Le sourdo et la guitare lumineuse cheminent de concert avec Thierry Péala. Tel un élégant crooner à la voix caressante, il chante en anglais, la ballade Nega enregistrée par Tania Maria sur « Come with Me ». Le voyage se poursuit avec Encanto Meu. La voix ouatée de Verioca Lherm impulse le balanço comme une vraie carioca sur ce thème gravé par Tania Maria sur « Bela Vista » (1990). Le jeu de guitare brillant est soutenu par celui tout en nuances du percussionniste, alors que le chant moelleux de Thierry Péala apporte une douceur infinie.

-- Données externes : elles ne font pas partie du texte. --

lemma nbid_vec_prune:
  assumes "bid_vec G (x j)" and "finite (K j)" and "card (K j) \<le> n"
  shows "nbid_vec G n (prune x K j)"
proof -
  have "card {B. B \<subseteq> G \<and> prune x K j B \<noteq> 0} \<le> card (K j)"
    by (rule card_mono[OF assms(2)]) (auto simp: prune_def)
  then have "card {B. B \<subseteq> G \<and> prune x K j B \<noteq> 0} \<le> n"
    using assms(3) by simp
  then show ?thesis using assms(1) unfolding nbid_vec_def bid_vec_def prune_def by auto
qed

lemma card_insert_image_remove_le:
  assumes "j < n"
  shows "card (insert a (f ` ({..<n} - {j}))) \<le> n"
proof -
  have "card (insert a (f ` ({..<n} - {j}))) \<le> Suc (card (f ` ({..<n} - {j})))"
    by (simp add: card_insert_if)
  also have "\<dots> \<le> Suc (card ({..<n} - {j}))"
    by (simp add: card_image_le)
  finally show ?thesis using assms by simp
qed

lemma prune_keeps_alloc_and_Max:
  assumes G: "finite G" and inj: "inj_on rk (outcomes G n)" and x: "\<forall>j<n. bid_vec G (x j)"
    and alloc_K: "\<And>j. alloc G n rk x j \<in> K j"
    and opt: "\<And>k. opt k \<in> outcomes G n
      \<and> welfare x ({..<n} - {k}) (opt k) = Max (welfare x ({..<n} - {k}) ` outcomes G n)"
    and opt_K: "\<And>j. (\<lambda>k. opt k j) ` ({..<n} - {j}) \<subseteq> K j"
  shows "alloc G n rk (prune x K) = alloc G n rk x"
    and "k < n \<Longrightarrow> Max (welfare (prune x K) ({..<n} - {k}) ` outcomes G n)
      = Max (welfare x ({..<n} - {k}) ` outcomes G n)"
proof -
  show "alloc G n rk (prune x K) = alloc G n rk x"
    by (rule alloc_eq_if_dominated[OF G inj welfare_prune_le[OF x order_refl]])
      (auto intro: welfare_prune_eq alloc_K)
  show "Max (welfare (prune x K) ({..<n} - {k}) ` outcomes G n)
      = Max (welfare x ({..<n} - {k}) ` outcomes G n)" if "k < n"
  proof (rule Max_outcomes_eq_if_dominated[OF G _ conjunct1[OF opt]])
    show "welfare (prune x K) ({..<n} - {k}) u \<le> welfare x ({..<n} - {k}) u" for u
      by (rule welfare_prune_le[OF x Diff_subset])
    show "welfare (prune x K) ({..<n} - {k}) (opt k) = welfare x ({..<n} - {k}) (opt k)"
    proof (rule welfare_prune_eq)
      fix j assume "j \<in> {..<n} - {k}"
      then have "k \<in> {..<n} - {j}" using that by auto
      then show "opt k j \<in> K j" using opt_K[of j] by blast
    qed
    show "welfare x ({..<n} - {k}) (opt k) = Max (welfare x ({..<n} - {k}) ` outcomes G n)"
      by (rule conjunct2[OF opt])
  qed
qed

lemma total_nVCG:
  assumes G: "finite G" and inj: "inj_on rk (outcomes G n)"
  shows "total G n rk"
  unfolding total_def
proof (intro allI impI)
  fix v x assume v: "val_profile G n v" and NE: "is_NE (bid_vec G) G n rk v x"
  have x: "\<forall>j<n. bid_vec G (x j)" using NE unfolding is_NE_def by blast
  have "\<exists>w\<in>outcomes G n. welfare x ({..<n} - {k}) w = Max (welfare x ({..<n} - {k}) ` outcomes G n)"
    for k by (rule Max_outcomes_attained[OF G])
  then obtain opt where opt: "\<And>k. opt k \<in> outcomes G n
      \<and> welfare x ({..<n} - {k}) (opt k) = Max (welfare x ({..<n} - {k}) ` outcomes G n)"
    by metis
  define K where "K j = insert (alloc G n rk x j) ((\<lambda>k. opt k j) ` ({..<n} - {j}))" for j
  define y where "y = prune x K"
  have alloc_K: "alloc G n rk x j \<in> K j" for j
    unfolding K_def by simp
  have opt_K: "(\<lambda>k. opt k j) ` ({..<n} - {j}) \<subseteq> K j" for j
    unfolding K_def by blast
  have alloc_y: "alloc G n rk y = alloc G n rk x"
    unfolding y_def by (rule prune_keeps_alloc_and_Max(1)[OF G inj x alloc_K opt opt_K])
  have Max_y: "Max (welfare y ({..<n} - {k}) ` outcomes G n)
      = Max (welfare x ({..<n} - {k}) ` outcomes G n)" if "k < n" for k
    unfolding y_def by (rule prune_keeps_alloc_and_Max(2)[OF G inj x alloc_K opt opt_K that])
  have payment_y: "payment G n rk y i = payment G n rk x i" if "i < n" for i
    unfolding payment_def alloc_y Max_y[OF that] by (simp add: y_def welfare_prune_eq alloc_K)
  have "is_NE (nbid_vec G n) G n rk v y"
    unfolding is_NE_def
  proof (intro conjI allI impI)
    fix j assume "j < n"
    then show "nbid_vec G n (y j)"
      unfolding y_def using x
      by (intro nbid_vec_prune) (auto simp: K_def card_insert_image_remove_le)
  next
    fix i b assume i: "i < n"
    define u' where "u' = alloc G n rk (y(i := b))"
    have "utility G n rk v (y(i := b)) i = vcg_value G n v y i u'"
      unfolding u'_def by (rule utility_upd_eq_vcg_value)
    also have "\<dots> \<le> vcg_value G n v x i u'"
      unfolding vcg_value_def Max_y[OF i] using welfare_prune_le[OF x, of "{..<n} - {i}"]
      by (simp add: y_def)
    also have "\<dots> \<le> utility G n rk v x i"
      unfolding u'_def
      using is_NE_vcg_value_le_utility[where M = "bid_vec G", OF G inj v] NE i
        nbid_vec_imp_bid_vec alloc_in_outcomes[OF G inj] by blast
    also have "\<dots> = utility G n rk v y i"
      unfolding utility_def alloc_y payment_y[OF i] ..
    finally show "utility G n rk v (y(i := b)) i \<le> utility G n rk v y i" .
  qed
  then show "\<exists>y. is_NE (nbid_vec G n) G n rk v y \<and> alloc G n rk y = alloc G n rk x
             \<and> (\<forall>i<n. payment G n rk y i = payment G n rk x i)"
    using alloc_y payment_y by blast
qed

theorem theorem8:
  fixes G :: "'g set" and n :: nat and rk :: "'g outcome \<Rightarrow> nat"
  assumes "finite G"
    and "inj_on rk (outcomes G n)"
  shows "tight G n rk \<and> total G n rk"
  using tight_nVCG[OF assms] total_nVCG[OF assms] by simp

Plus tard, le duo restitue une version brillante de Seu Dia Vai Chegar enregistré par Tania Maria sur l’album « Tania Maria » Live (« 1989). Verioca Lherm explore toute l’étendue des rythmes brésiliens à la guitare. De sa voix chaude et sensuelle émane l’âme du Brésil et avec les contrechants de Thierry Péala, ce titre représente un véritable remède à la saudade. En parfaite osmose, les deux vocalistes interprètent alors une version allègre de Tranquillity gravé par Tania Maria sur « Taurus » (1981). Ce samba vibre de leurs onomatopées exaltées et inspirées. Le duo poursuit avec Marguerita qui sert de tremplin à leurs voix dont la connivence est toujours perceptible. Leurs chants s’harmonisent, se conjuguent, s’enchevêtrent avec délicatesse et échangent en équilibre parfait… Ils prennent le temps qu’il faut pour attendre le temps

Pour Funky Tamborim, le dernier titre de l’album, Edmundo Carneiro et ses percussions rejoignent Thierry Péala et Verioca Lherm. Le duo vocal canalise l’énergie de ce thème. Leur dialogue fusionnel et endiablé exulte sur un tempo funky qui invite à une danse jubilatoire… et il nous revient le souvenir des concerts de Tania Maria où le public terminait en transe sur ce thème que la pianiste transformait en hymne à la joie.

« a Tania Maria Journey »… un voyage autour des compositions de l’icône du jazz brésilien, Tania Maria, avec deux voix, celles de Thierry Péala et Verioca Lherm, une guitare tenue par Verioca Lherm, des percussions jouées par le percussionniste Edmundo Carneiro.